• [Activity]:
Your answer should be the line containing "then show ?thesis using mono[OF" and every line after it to the end of the records below, word for word.

• [Record excerpts]:
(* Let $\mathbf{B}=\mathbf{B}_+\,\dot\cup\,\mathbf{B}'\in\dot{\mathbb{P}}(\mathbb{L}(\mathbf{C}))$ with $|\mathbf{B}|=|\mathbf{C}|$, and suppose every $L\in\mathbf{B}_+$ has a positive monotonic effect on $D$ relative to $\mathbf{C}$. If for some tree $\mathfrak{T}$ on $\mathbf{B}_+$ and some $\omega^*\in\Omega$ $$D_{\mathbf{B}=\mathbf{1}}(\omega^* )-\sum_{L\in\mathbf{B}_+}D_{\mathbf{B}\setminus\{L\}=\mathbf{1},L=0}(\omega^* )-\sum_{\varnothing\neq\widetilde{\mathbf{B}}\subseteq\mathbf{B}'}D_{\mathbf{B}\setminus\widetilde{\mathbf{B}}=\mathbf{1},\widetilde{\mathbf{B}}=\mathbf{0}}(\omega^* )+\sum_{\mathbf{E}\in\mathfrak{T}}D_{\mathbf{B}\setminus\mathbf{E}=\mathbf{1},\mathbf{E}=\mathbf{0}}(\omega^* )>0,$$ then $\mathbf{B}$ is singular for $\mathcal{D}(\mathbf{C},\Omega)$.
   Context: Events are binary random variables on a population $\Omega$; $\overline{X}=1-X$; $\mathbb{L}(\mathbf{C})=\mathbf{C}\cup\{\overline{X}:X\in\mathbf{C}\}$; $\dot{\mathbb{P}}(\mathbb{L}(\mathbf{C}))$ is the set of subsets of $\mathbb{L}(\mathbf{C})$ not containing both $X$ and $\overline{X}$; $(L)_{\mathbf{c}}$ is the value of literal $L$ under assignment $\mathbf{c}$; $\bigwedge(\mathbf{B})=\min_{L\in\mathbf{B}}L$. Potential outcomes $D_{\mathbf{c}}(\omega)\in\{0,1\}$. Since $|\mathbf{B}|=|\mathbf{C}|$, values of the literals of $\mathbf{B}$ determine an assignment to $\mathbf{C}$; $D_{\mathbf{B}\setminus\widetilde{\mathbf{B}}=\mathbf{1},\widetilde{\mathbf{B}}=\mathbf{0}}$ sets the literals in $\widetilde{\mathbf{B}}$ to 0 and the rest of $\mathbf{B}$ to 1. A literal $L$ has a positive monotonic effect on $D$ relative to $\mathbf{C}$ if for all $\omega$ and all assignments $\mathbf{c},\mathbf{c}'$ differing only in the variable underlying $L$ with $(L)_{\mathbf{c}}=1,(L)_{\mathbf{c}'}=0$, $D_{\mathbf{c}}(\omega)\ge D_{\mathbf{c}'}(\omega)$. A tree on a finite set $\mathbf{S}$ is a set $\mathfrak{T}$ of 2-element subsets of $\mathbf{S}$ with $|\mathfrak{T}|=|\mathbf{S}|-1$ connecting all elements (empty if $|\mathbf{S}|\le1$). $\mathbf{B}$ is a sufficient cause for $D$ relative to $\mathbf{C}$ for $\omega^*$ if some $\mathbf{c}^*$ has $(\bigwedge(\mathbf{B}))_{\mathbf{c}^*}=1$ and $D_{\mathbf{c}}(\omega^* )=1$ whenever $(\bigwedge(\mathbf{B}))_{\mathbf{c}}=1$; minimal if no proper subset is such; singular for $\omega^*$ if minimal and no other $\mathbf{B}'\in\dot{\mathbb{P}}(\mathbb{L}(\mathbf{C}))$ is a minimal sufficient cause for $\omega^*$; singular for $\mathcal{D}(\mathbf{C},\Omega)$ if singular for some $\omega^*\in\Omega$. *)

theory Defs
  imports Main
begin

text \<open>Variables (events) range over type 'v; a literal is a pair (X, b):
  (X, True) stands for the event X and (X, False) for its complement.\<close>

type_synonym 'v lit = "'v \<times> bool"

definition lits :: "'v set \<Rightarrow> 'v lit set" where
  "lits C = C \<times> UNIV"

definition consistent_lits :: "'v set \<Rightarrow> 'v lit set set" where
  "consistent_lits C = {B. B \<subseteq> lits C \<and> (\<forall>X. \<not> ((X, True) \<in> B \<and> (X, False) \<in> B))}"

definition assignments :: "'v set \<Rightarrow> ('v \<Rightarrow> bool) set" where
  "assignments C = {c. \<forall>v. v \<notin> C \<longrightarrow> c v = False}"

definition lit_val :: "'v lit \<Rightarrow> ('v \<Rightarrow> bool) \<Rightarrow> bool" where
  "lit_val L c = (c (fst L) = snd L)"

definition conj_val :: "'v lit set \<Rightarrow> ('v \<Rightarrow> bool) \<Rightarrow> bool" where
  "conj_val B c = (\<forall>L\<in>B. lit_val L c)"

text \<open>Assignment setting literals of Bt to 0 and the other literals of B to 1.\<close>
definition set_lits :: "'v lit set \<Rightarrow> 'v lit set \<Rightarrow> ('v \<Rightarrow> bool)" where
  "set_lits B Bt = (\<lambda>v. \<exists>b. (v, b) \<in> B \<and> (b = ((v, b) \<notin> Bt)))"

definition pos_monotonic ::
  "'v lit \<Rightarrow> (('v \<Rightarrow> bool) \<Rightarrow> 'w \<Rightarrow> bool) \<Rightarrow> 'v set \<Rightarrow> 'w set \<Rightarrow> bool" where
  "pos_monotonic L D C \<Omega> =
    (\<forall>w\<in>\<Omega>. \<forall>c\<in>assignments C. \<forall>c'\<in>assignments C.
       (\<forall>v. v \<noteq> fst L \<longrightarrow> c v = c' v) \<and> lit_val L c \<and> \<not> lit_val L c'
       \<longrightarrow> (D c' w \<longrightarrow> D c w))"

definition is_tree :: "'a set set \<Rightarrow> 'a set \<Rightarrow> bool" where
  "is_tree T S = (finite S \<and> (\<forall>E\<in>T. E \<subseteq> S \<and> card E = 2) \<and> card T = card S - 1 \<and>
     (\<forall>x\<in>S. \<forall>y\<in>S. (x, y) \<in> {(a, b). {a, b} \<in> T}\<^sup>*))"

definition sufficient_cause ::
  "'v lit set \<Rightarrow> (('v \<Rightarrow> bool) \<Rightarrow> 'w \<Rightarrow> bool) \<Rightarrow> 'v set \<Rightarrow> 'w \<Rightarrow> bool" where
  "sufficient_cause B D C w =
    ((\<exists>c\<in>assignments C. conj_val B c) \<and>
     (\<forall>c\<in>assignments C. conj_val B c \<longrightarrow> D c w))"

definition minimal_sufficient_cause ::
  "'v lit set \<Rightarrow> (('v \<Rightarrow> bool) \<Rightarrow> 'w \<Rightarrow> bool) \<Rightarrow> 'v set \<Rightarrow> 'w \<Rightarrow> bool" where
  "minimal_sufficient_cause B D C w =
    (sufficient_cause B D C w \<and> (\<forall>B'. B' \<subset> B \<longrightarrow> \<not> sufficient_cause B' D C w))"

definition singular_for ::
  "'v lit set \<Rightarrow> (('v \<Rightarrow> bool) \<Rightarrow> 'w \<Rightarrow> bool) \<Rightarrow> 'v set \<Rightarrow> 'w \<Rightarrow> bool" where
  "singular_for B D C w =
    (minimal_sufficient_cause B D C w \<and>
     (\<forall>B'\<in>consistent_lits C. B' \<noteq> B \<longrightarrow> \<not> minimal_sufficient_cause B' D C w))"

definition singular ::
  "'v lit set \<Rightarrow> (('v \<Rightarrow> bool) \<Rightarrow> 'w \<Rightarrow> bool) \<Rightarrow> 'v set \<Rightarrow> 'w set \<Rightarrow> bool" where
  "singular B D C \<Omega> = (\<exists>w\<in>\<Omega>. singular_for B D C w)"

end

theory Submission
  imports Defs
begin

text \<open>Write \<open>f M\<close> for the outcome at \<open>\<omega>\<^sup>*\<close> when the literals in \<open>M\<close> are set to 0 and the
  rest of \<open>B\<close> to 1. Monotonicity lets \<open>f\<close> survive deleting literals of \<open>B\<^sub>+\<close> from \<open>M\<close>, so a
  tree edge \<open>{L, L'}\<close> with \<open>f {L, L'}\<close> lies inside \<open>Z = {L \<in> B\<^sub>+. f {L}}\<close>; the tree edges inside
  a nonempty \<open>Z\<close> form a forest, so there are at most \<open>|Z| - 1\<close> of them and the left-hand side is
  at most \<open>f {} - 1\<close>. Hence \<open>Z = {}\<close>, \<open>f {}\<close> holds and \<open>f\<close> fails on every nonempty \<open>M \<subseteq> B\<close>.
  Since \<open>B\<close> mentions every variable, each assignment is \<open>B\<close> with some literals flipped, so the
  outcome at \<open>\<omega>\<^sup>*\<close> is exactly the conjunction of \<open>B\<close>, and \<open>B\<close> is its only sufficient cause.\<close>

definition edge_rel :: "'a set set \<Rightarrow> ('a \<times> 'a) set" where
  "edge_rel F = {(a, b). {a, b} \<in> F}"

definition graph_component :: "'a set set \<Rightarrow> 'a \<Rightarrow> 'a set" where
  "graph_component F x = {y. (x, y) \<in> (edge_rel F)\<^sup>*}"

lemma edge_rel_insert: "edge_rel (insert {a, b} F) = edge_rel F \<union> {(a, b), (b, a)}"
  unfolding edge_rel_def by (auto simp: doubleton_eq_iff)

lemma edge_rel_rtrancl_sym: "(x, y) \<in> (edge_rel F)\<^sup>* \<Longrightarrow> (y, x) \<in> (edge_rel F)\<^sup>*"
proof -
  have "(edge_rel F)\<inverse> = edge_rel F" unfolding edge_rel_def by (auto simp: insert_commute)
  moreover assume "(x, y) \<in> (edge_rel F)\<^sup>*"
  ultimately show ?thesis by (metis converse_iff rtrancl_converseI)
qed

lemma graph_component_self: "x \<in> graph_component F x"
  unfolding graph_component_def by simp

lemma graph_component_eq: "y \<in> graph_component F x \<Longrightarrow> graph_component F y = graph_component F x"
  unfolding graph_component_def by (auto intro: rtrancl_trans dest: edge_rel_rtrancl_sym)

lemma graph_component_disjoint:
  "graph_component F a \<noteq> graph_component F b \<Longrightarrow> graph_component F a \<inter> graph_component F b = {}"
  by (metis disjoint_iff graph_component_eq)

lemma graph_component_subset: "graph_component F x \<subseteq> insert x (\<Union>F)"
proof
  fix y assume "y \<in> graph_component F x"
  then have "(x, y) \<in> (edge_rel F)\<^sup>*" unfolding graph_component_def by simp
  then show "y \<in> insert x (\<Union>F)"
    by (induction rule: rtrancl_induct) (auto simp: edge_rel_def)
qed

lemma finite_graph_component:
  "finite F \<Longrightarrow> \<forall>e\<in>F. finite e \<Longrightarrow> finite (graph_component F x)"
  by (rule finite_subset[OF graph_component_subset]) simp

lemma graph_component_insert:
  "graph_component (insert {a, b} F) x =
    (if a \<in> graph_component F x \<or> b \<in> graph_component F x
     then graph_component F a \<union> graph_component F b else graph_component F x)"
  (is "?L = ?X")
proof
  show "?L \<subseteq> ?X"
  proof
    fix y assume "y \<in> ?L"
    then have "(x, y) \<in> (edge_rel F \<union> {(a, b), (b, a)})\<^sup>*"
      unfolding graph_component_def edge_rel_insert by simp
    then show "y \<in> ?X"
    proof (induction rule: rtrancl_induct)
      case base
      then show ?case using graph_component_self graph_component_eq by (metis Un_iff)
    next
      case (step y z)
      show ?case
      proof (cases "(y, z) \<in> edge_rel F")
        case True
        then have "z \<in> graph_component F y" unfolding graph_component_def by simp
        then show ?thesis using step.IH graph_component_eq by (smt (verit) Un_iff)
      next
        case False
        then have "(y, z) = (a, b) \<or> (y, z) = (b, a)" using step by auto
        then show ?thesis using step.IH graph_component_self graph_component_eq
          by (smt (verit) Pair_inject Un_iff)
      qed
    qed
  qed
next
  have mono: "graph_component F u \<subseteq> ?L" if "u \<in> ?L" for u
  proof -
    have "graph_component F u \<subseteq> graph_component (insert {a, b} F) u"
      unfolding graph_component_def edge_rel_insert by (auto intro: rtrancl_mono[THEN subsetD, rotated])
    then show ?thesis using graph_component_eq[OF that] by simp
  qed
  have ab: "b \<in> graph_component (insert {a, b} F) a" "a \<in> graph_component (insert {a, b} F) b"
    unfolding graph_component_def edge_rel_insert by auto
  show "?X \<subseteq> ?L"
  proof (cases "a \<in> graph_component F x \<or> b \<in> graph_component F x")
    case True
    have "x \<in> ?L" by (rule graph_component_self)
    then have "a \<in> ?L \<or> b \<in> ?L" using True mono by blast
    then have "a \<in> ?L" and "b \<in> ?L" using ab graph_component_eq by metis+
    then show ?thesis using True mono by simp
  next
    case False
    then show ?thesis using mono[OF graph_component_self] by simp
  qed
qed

• [Answer to this exercise]:
    then show ?thesis using mono[OF graph_component_self] by simp
  qed
qed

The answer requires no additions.